Timing: it’s always too early until it’s too late

  • Founders are told to “worry about this later” at every stage: by their lawyers when incorporating, by VCs when raising rounds, by bankers during IPO prep. But success doesn’t protect you—success is what makes you a target. The time to enact protections is before you need them, because once you need them, you no longer have the leverage.

Why this matters now

  • AI alignment and human alignment are the same problem. Organizations are the oldest form of artificial intelligence on the planet—emergent intelligences whose characteristics reflect the values of their creators (Conway’s law). If we can’t align organizations to human flourishing, we have no hope of aligning AI to human values. “Who aligns the aligners?” is the unsolved problem.
  • The stakes are existential. Technologies with planet-scale consequences cannot be governed by a doctrine that says whoever borrows the most money gets to control them. The AI labs that have taken governance seriously (Anthropic, OpenAI’s original structure) are not doing it out of altruism—they’ve found it’s a competitive advantage in attracting talent, building trust, and shipping faster.

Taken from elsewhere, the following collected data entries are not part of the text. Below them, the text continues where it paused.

(* Consider $u_t+\beta u_x=g$ with constant $\beta>0$ and periodic boundary conditions, and an explicit $s$-stage Runge–Kutta method with coefficients $c_{\ell\kappa},d_{\ell\kappa}$ ($0\le\kappa\le\ell\le s-1$, $\sum_{\kappa}c_{\ell\kappa}=1$). Given $u_h^{n,0}=u_h^n\in\mathbb V^k$, time step $\tau$ and source functions $g^{n,\kappa}\in L^2(\Omega)$, the RKSV stages $u_h^{n,\ell+1}\in\mathbb V^k$ are defined by $$(u_h^{n,\ell+1},\omega^* )=\sum_{0\le\kappa\le\ell}\Big(c_{\ell\kappa}(u_h^{n,\kappa},\omega^* )+\tau d_{\ell\kappa}\Big(\sum_i\sum_{j=0}^k\omega^*_{i,j}\big(\hat f^{n,\kappa}_{i,j}-\hat f^{n,\kappa}_{i,j+1}\big)+(g^{n,\kappa},\omega^* )\Big)\Big)\quad\forall\omega^*\in\mathbb V^{k,*},$$ with upwind fluxes $\hat f^{n,\kappa}_{i,j}=\beta u_h^{n,\kappa}(x_{i,j})$ for $1\le j\le k$, $\hat f^{n,\kappa}_{i,0}=\beta u_h^{n,\kappa}(x_{i-\frac12}^-)$, $\hat f^{n,\kappa}_{i,k+1}=\beta u_h^{n,\kappa}(x_{i+\frac12}^-)$, and $u_h^{n+1}=u_h^{n,s}$. Under Assumption (S), these relations are equivalent to: for all $\omega\in\mathbb V^k$ and $\ell=0,\dots,s-1$, $$(u_h^{n,\ell+1},\omega)_*=\sum_{0\le\kappa\le\ell}\Big(c_{\ell\kappa}(u_h^{n,\kappa},\omega)_*+\tau d_{\ell\kappa}\big(\mathcal H^*(u_h^{n,\kappa},\omega)+(g^{n,\kappa},M^*\omega)\big)\Big).$$
   Context: Let $\Omega=[a,b]$ be partitioned into finitely many cells $I_i=[x_{i-\frac12},x_{i+\frac12}]$ with sizes $h_i$; indices are periodic (the point $x_{\frac12}$ is identified with the last interface). $(\cdot,\cdot)$ is the $L^2(\Omega)$ inner product, $(\cdot,\cdot)_{I_i}$ the $L^2(I_i)$ one. $\mathbb V^k=\{v\in L^2(\Omega): v|_{I_i}\in\mathbb P^k(I_i)\ \forall i\}$. Each $I_i$ has subdivision points $x_{i-\frac12}=x_{i,0}<x_{i,1}<\dots<x_{i,k}<x_{i,k+1}=x_{i+\frac12}$, control volumes $I_{i,j}=[x_{i,j},x_{i,j+1}]$, $j=0,\dots,k$; $\mathbb V^{k,*}$ is the space of functions constant on each $I_{i,j}$, $\omega^*_{i,j}$ the value of $\omega^*$ on $I_{i,j}$. On each $I_i$ a quadrature $Q_i^k(v)=\sum_{j=0}^{k+1}A_{i,j}v(x_{i,j})$ is given, error $R_i^k(v)=\int_{I_i}v\,dx-Q_i^k(v)$, exact on $\mathbb P^{k-1}(I_i)$; for piecewise functions, $Q_i^k$ uses the restriction to $I_i$ (endpoint values are limits from inside $I_i$). $M^*:\mathbb V^k\to\mathbb V^{k,*}$: for $v=\omega|_{I_i}$, $(M^*\omega)|_{I_{i,0}}=v(x_{i-\frac12})+A_{i,0}v'(x_{i-\frac12})$ and $(M^*\omega)|_{I_{i,j}}-(M^*\omega)|_{I_{i,j-1}}=A_{i,j}v'(x_{i,j})$, $j=1,\dots,k$. $L_{i,\ell}$ is the shifted Legendre polynomial of degree $\ell$ on $I_i$ with $L_{i,\ell}(x_{i+\frac12})=1$, $(L_{i,\ell},L_{i,m})_{I_i}=\delta_{\ell m}h_i/(2\ell+1)$. Assumption (S): $k\ge1$ and for every $i$, (1) $R_i^k(v)=0$ for all $v\in\mathbb P^{2k-1}(I_i)$, (2) $\frac{h_i}{2k-1}-Q_i^k(L_{i,k+1}L_{i,k-1})>0$; then $(v,\omega)_*:=(v,M^*\omega)$ is an inner product on $\mathbb V^k$. Jumps: $[\![v]\!]_{i+\frac12}=v(x_{i+\frac12}^+)-v(x_{i+\frac12}^-)$. For $\omega\in\mathbb V^k$ and piecewise smooth $v$: $\mathcal H^*(v,\omega)=\beta\Big(\sum_iQ_i^k(v\omega_x)+\sum_iv(x_{i+\frac12}^-)[\![\omega]\!]_{i+\frac12}-\sum_iA_{i,0}\,\omega_x(x_{i-\frac12}^+)[\![v]\!]_{i-\frac12}\Big)$. *)

theory Defs
  imports "HOL-Analysis.Analysis" "HOL-Computational_Algebra.Polynomial"
begin

(* Mesh: N cells, cell i (i < N) is [xs i, xs (Suc i)], i.e. x_{i-1/2} = xs i.
   Subdivision points p i j, j = 0..k+1, with p i 0 = xs i, p i (k+1) = xs (Suc i).
   Periodic neighbours of a cell. *)
definition prev_cell :: "nat \<Rightarrow> nat \<Rightarrow> nat" where
  "prev_cell N i = (i + N - 1) mod N"

definition next_cell :: "nat \<Rightarrow> nat \<Rightarrow> nat" where
  "next_cell N i = Suc i mod N"

definition valid_mesh :: "nat \<Rightarrow> nat \<Rightarrow> (nat \<Rightarrow> real) \<Rightarrow> (nat \<Rightarrow> nat \<Rightarrow> real) \<Rightarrow> bool" where
  "valid_mesh N k xs p \<longleftrightarrow> 1 \<le> N \<and>
     (\<forall>i<N. xs i < xs (Suc i)) \<and>
     (\<forall>i<N. p i 0 = xs i \<and> p i (Suc k) = xs (Suc i) \<and> (\<forall>j\<le>k. p i j < p i (Suc j)))"

(* Elements of V^k: v :: nat => real poly, v i = restriction to cell i, degree <= k.
   Elements of V^{k,star}: w :: nat => nat => real, w i j = value on I_{i,j}. *)
definition in_Vk :: "nat \<Rightarrow> nat \<Rightarrow> (nat \<Rightarrow> real poly) \<Rightarrow> bool" where
  "in_Vk N k v \<longleftrightarrow> (\<forall>i<N. degree (v i) \<le> k)"

definition pair_star :: "nat \<Rightarrow> nat \<Rightarrow> (nat \<Rightarrow> nat \<Rightarrow> real) \<Rightarrow> (nat \<Rightarrow> real poly) \<Rightarrow> (nat \<Rightarrow> nat \<Rightarrow> real) \<Rightarrow> real" where
  "pair_star N k p v w = (\<Sum>i<N. \<Sum>j\<le>k. w i j * integral {p i j..p i (Suc j)} (\<lambda>x. poly (v i) x))"

definition src_star :: "nat \<Rightarrow> nat \<Rightarrow> (nat \<Rightarrow> nat \<Rightarrow> real) \<Rightarrow> (real \<Rightarrow> real) \<Rightarrow> (nat \<Rightarrow> nat \<Rightarrow> real) \<Rightarrow> real" where
  "src_star N k p g w = (\<Sum>i<N. \<Sum>j\<le>k. w i j * integral {p i j..p i (Suc j)} g)"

Three things to do this week

  • File as a Public Benefit Corporation. If you haven’t raised money yet or are still on safes, this costs nothing and takes two pages. Write a purpose you can defend adversarially—ask yourself, “Could I make money by violating this?” If yes, rewrite it.
  • Implement a director’s oath. Write into your charter that every board member must swear an oath (e.g., to uphold the mission, to consider stakeholder harm) as a precondition of service.
  • Understand your equity structure and add mission-protected provisions. Learn about founder preferred shares. Pledge a percentage of equity or revenue to a nonprofit foundation with a board seat. You don’t have to bootstrap the nonprofit now—just write the right into your charter so you can activate it later.